But you have a fairly major problem with all these solutions and that is when a ...

grzm · on Feb 14, 2017

IIRC (it's been a while), PgQ doesn't keep transactions open while events are processed: events are fetched and marked as in process; they're then marked succeeded or failed to finish the event. The bulk copy of initial data which bootstraps replication is a long duration process: I don't believe transactions are held open this entire time.

If I understand you correctly, this handles your work queue case.

einhverfr · on Feb 14, 2017

Not quite.

In my experience you have several critical issues:

1. What happens when a job silently fails?

2. What happens when a job takes a lot longer than expected to succeed?

If you solve the first with a timeout, the second leads to a job rerun. The best (only?) solution I have found is to have some awareness in the job queue of the fact that the job is currently being processed. In my previous work we used advisory locks for that.

grzm · on Feb 14, 2017

It wasn't clear to me how closely you've looked at PgQ. Have you looked into the design (other than the README), or used it and found these failings? I'm certainly not going to be able to answer your questions off the top of my head given the time passed since I last used it.

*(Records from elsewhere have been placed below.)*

(* Let $X$ be a non-negative continuous random variable with density $f$ satisfying $f(t) \le Ce^{-\lambda t}$ for all $t\ge0$, for some $C,\lambda>0$. Let $m \in (\chi_{\min},\chi_{\max})$ and $\mu = \min(\Pr[X\le m],\Pr[X\ge m])$ (so $\mu>0$). Let $Y$ be an $m$-reasonable random variable with density $g$. Then $g(t) \le \frac{C}{\mu}e^{-\lambda t}$ for all $t$, $\mathbb{E}[Y] \le \frac{C}{\mu\lambda}\cdot\frac{1}{\lambda}$, $\mathbb{E}[Y^2] \le \frac{C}{\mu\lambda}\cdot\frac{2}{\lambda^2}$, and $\Pr[Y\ge t] \le \frac{C}{\lambda\mu}e^{-\lambda t}$ for all $t \ge 0$.
   Context: $\chi_{\min} = \inf\{x:\Pr[X\ge x]>0\}$, $\chi_{\max} = \sup\{x:\Pr[X\le x]>0\}$. $X_{\le x}$ ($X_{\ge x}$) denotes $X$ conditioned on $X \le x$ ($X\ge x$). For $m\in(\chi_{\min},\chi_{\max})$, a random variable $Y$ is $m$-reasonable if either $Y = X_{\ge x}$ for some $x \le m$, or $Y = X_{\le x}$ for some $x\ge m$. *)

theory Defs
  imports "HOL-Probability.Probability"
begin

text \<open>A continuous real random variable is represented by its density f (w.r.t. Lebesgue
measure); its distribution is the measure below.\<close>

definition dist_of :: "(real \<Rightarrow> real) \<Rightarrow> real measure" where
  "dist_of f = density lborel (\<lambda>t. ennreal (f t))"

definition Pr_le :: "(real \<Rightarrow> real) \<Rightarrow> real \<Rightarrow> real" where
  "Pr_le f x = measure (dist_of f) {..x}"

definition Pr_ge :: "(real \<Rightarrow> real) \<Rightarrow> real \<Rightarrow> real" where
  "Pr_ge f x = measure (dist_of f) {x..}"

text \<open>Essential infimum / supremum of the support (extended reals).\<close>
definition chi_min :: "(real \<Rightarrow> real) \<Rightarrow> ereal" where
  "chi_min f = Inf (ereal ` {x. Pr_le f x > 0})"

definition chi_max :: "(real \<Rightarrow> real) \<Rightarrow> ereal" where
  "chi_max f = Sup (ereal ` {x. Pr_ge f x > 0})"

definition cond_ge_density :: "(real \<Rightarrow> real) \<Rightarrow> real \<Rightarrow> real \<Rightarrow> real" where
  "cond_ge_density f x = (\<lambda>t. indicator {x..} t * f t / Pr_ge f x)"

definition cond_le_density :: "(real \<Rightarrow> real) \<Rightarrow> real \<Rightarrow> real \<Rightarrow> real" where
  "cond_le_density f x = (\<lambda>t. indicator {..x} t * f t / Pr_le f x)"

definition m_reasonable :: "(real \<Rightarrow> real) \<Rightarrow> real \<Rightarrow> (real \<Rightarrow> real) \<Rightarrow> bool" where
  "m_reasonable f m g \<longleftrightarrow>
     (\<exists>x\<le>m. g = cond_ge_density f x) \<or> (\<exists>x\<ge>m. g = cond_le_density f x)"

end

theory Submission
  imports Defs
begin

text \<open>An \<open>m\<close>-reasonable variable has density \<open>1\<^sub>S f / P\<close> for a Borel set \<open>S\<close> and a
  normalising probability \<open>P \<ge> \<mu>\<close>. Hence its density is at most \<open>f / \<mu>\<close>, i.e. at most
  \<open>C / (\<mu> \<lambda>)\<close> times the density \<open>\<lambda> exp (-\<lambda> t)\<close> of the exponential distribution, and its
  moments and tails are bounded by those of that distribution scaled by \<open>C / (\<mu> \<lambda>)\<close>.\<close>

lemma has_bochner_integral_exponential_moment:
  assumes l: "0 < l"
  shows "has_bochner_integral lborel (\<lambda>x. exponential_density l x * x ^ i) (fact i / l ^ i)"
proof (rule has_bochner_integral_nn_integral)
  show "AE x in lborel. 0 \<le> exponential_density l x * x ^ i"
    using l by (intro AE_I2) (auto simp: exponential_density_def)
  show "(\<integral>\<^sup>+ x. ennreal (exponential_density l x * x ^ i) \<partial>lborel) = ennreal (fact i / l ^ i)"
    using nn_integral_erlang_ith_moment[OF l, of 0 i] by simp
qed (use l in simp_all)

lemma nn_integral_exponential_density_shift:
  assumes l: "0 < l"
  shows "(\<integral>\<^sup>+ x. ennreal (exponential_density l (x - t)) \<partial>lborel) = 1"
proof -
  have "(\<integral>\<^sup>+ x. ennreal (exponential_density l x) \<partial>lborel)
      = ennreal \<bar>1::real\<bar> * (\<integral>\<^sup>+ x. ennreal (exponential_density l (- t + 1 * x)) \<partial>lborel)"
    by (rule nn_integral_real_affine[where c=1 and t="-t"]) auto
  then show ?thesis
    using nn_integral_erlang_ith_moment[OF l, of 0 0] by simp
qed

lemma integral_moment_le_exponential:
  fixes h :: "real \<Rightarrow> real"
  assumes l: "0 < l" and h_meas[measurable]: "h \<in> borel_measurable borel"
    and h_nonneg: "\<And>t. 0 \<le> h t"
    and h_le: "\<And>t. h t \<le> K * exponential_density l t"
  shows "(\<integral>t. t ^ i * h t \<partial>lborel) \<le> K * (fact i / l ^ i)"
proof -
  have bound: "has_bochner_integral lborel (\<lambda>t. K * (exponential_density l t * t ^ i))
      (K * (fact i / l ^ i))"
    by (intro has_bochner_integral_mult_right has_bochner_integral_exponential_moment l)
  then have bound_int: "integrable lborel (\<lambda>t. K * (exponential_density l t * t ^ i))"
    by (simp add: has_bochner_integral_iff)
  have moment_le: "0 \<le> t ^ i * h t \<and> t ^ i * h t \<le> K * (exponential_density l t * t ^ i)" for t
  proof (cases "t < 0")
    case True
    with h_le[of t] h_nonneg[of t] have "h t = 0"
      by (simp add: exponential_density_def)
    with True show ?thesis by (simp add: exponential_density_def)
  next
    case False
    then have "t ^ i * h t \<le> t ^ i * (K * exponential_density l t)"
      using h_le[of t] by (intro mult_left_mono) auto
    with False h_nonneg[of t] show ?thesis by (simp add: ac_simps)
  qed
  have "integrable lborel (\<lambda>t. t ^ i * h t)"
    by (rule Bochner_Integration.integrable_bound[OF bound_int])
       (use moment_le in \<open>auto intro!: AE_I2 intro: order_trans[OF _ abs_ge_self]\<close>)
  then have "(\<integral>t. t ^ i * h t \<partial>lborel) \<le> (\<integral>t. K * (exponential_density l t * t ^ i) \<partial>lborel)"
    using bound_int moment_le by (intro integral_mono) auto
  also have "\<dots> = K * (fact i / l ^ i)"
    using bound by (simp add: has_bochner_integral_iff)
  finally show ?thesis .
qed

lemma measure_atLeast_le_exponential:
  fixes h :: "real \<Rightarrow> real"
  assumes l: "0 < l" and K: "0 \<le> K" and t: "0 \<le> t"
    and h_meas[measurable]: "h \<in> borel_measurable borel"
    and h_le: "\<And>s. h s \<le> K * exponential_density l s"
  shows "measure (dist_of h) {t..} \<le> K * exp (- l * t)"
proof -
  have shifted: "ennreal (h s) * indicator {t..} s
      \<le> ennreal (K * exp (- l * t)) * ennreal (exponential_density l (s - t))" for s
  proof (cases "t \<le> s")
    case True
    \<comment> \<open>memorylessness: \<open>\<lambda> exp (-\<lambda> s) = exp (-\<lambda> t) \<cdot> \<lambda> exp (-\<lambda> (s - t))\<close>\<close>
    have "h s \<le> K * exp (- l * t) * exponential_density l (s - t)"
      using h_le[of s] True t
      by (simp add: exponential_density_def field_simps mult_exp_exp)
    with True K show ?thesis by (simp add: ennreal_mult'[symmetric] ennreal_leI)
  qed simp
  have "emeasure (dist_of h) {t..} = (\<integral>\<^sup>+ s. ennreal (h s) * indicator {t..} s \<partial>lborel)"
    by (simp add: dist_of_def emeasure_density)
  also have "\<dots> \<le> (\<integral>\<^sup>+ s. ennreal (K * exp (- l * t)) * ennreal (exponential_density l (s - t)) \<partial>lborel)"
    by (intro nn_integral_mono shifted)
  also have "\<dots> = ennreal (K * exp (- l * t))"
    by (simp add: nn_integral_cmult nn_integral_exponential_density_shift[OF l])
  finally show ?thesis
    unfolding measure_def using K by (intro enn2real_leI) auto
qed

context
  fixes f :: "real \<Rightarrow> real"
  assumes f_prob: "prob_space (dist_of f)"
begin

interpretation X: prob_space "dist_of f" by (rule f_prob)

lemma Pr_le_mono: "a \<le> b \<Longrightarrow> Pr_le f a \<le> Pr_le f b"
  unfolding Pr_le_def by (intro X.finite_measure_mono) (auto simp: dist_of_def)

lemma Pr_ge_antimono: "a \<le> b \<Longrightarrow> Pr_ge f b \<le> Pr_ge f a"
  unfolding Pr_ge_def by (intro X.finite_measure_mono) (auto simp: dist_of_def)

lemma Pr_le_pos_if_chi_min_less: "chi_min f < ereal m \<Longrightarrow> 0 < Pr_le f m"
  unfolding chi_min_def
  by (auto simp: Inf_less_iff intro: less_le_trans[OF _ Pr_le_mono])

lemma Pr_ge_pos_if_less_chi_max: "ereal m < chi_max f \<Longrightarrow> 0 < Pr_ge f m"
  unfolding chi_max_def
  by (auto simp: less_Sup_iff intro: less_le_trans[OF _ Pr_ge_antimono])

lemma m_reasonable_obtains_restriction:
  assumes "m_reasonable f m g"
  obtains S P where "S \<in> sets borel" "min (Pr_le f m) (Pr_ge f m) \<le> P"
    and "g = (\<lambda>t. indicator S t * f t / P)"
  using assms unfolding m_reasonable_def
proof (elim disjE exE conjE)
  fix x assume "x \<le> m" "g = cond_ge_density f x"
  with Pr_ge_antimono[of x m] show thesis
    by (intro that[of "{x..}" "Pr_ge f x"]) (auto simp: cond_ge_density_def)
next
  fix x assume "m \<le> x" "g = cond_le_density f x"
  with Pr_le_mono[of m x] show thesis
    by (intro that[of "{..x}" "Pr_le f x"]) (auto simp: cond_le_density_def)
qed

end

theorem lemma2:
  fixes f g :: "real \<Rightarrow> real" and C l m :: real
  assumes f_meas: "f \<in> borel_measurable borel"
    and f_nonneg: "\<And>t. 0 \<le> f t"
    and X_nonneg: "\<And>t. t < 0 \<Longrightarrow> f t = 0"
    and f_prob: "prob_space (dist_of f)"
    and C_pos: "C > 0" and l_pos: "l > 0"
    and f_bound: "\<And>t. t \<ge> 0 \<Longrightarrow> f t \<le> C * exp (- l * t)"
    and m_lo: "chi_min f < ereal m" and m_hi: "ereal m < chi_max f"
    and Y: "m_reasonable f m g"
  defines "mu \<equiv> min (Pr_le f m) (Pr_ge f m)"
  shows "(\<forall>t. g t \<le> C / mu * exp (- l * t))
       \<and> (\<integral>t. t * g t \<partial>lborel) \<le> C / (mu * l) * (1 / l)
       \<and> (\<integral>t. t\<^sup>2 * g t \<partial>lborel) \<le> C / (mu * l) * (2 / l\<^sup>2)
       \<and> (\<forall>t\<ge>0. measure (dist_of g) {t..} \<le> C / (l * mu) * exp (- l * t))"
proof -
  have mu_pos: "0 < mu"
    using Pr_le_pos_if_chi_min_less[OF f_prob m_lo] Pr_ge_pos_if_less_chi_max[OF f_prob m_hi]
    by (simp add: mu_def)
  obtain S P where S[measurable]: "S \<in> sets borel" and P: "mu \<le> P"
    and g_def: "g = (\<lambda>t. indicator S t * f t / P)"
    using m_reasonable_obtains_restriction[OF f_prob Y] unfolding mu_def .
  have g_meas: "g \<in> borel_measurable borel"
    unfolding g_def using f_meas by measurable
  have g_nonneg: "0 \<le> g t" for t
    using f_nonneg[of t] mu_pos P by (simp add: g_def)
  have g_neg: "g t = 0" if "t < 0" for t
    using X_nonneg[OF that] by (simp add: g_def)
  have g_bound: "g t \<le> C / mu * exp (- l * t)" for t
  proof (cases "t < 0")
    case False
    have "g t \<le> f t / mu"
      using f_nonneg[of t] mu_pos P by (auto simp: g_def indicator_def intro: divide_left_mono)
    also have "\<dots> \<le> C * exp (- l * t) / mu"
      using f_bound[of t] False mu_pos by (simp add: divide_right_mono)
    finally show ?thesis by simp
  qed (use g_neg C_pos mu_pos in simp)
  define K where "K = C / (mu * l)"
  have g_le_K_exponential: "g t \<le> K * exponential_density l t" for t
    using g_bound[of t] g_neg[of t] l_pos
    by (cases "t < 0") (simp_all add: K_def exponential_density_def field_simps)
  have "0 \<le> K" using C_pos mu_pos l_pos by (simp add: K_def)
  show ?thesis
    using g_bound
      integral_moment_le_exponential[OF l_pos g_meas g_nonneg g_le_K_exponential, of 1]
      integral_moment_le_exponential[OF l_pos g_meas g_nonneg g_le_K_exponential, of 2]
      measure_atLeast_le_exponential[OF l_pos \<open>0 \<le> K\<close> _ g_meas g_le_K_exponential]
    by (simp add: K_def mult.commute)
qed

end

Given your critiques of everything else out there (from what I gather from the rest of your comments in this thread), it seems like your identified a possible business opportunity.

einhverfr · on Feb 14, 2017

It's been a little while but I actually read through the source code of it and Londiste. It's possible I missed something, but I didn't see anything that would automatically reset messages if a connection goes away between receiving the message and marking it as completed.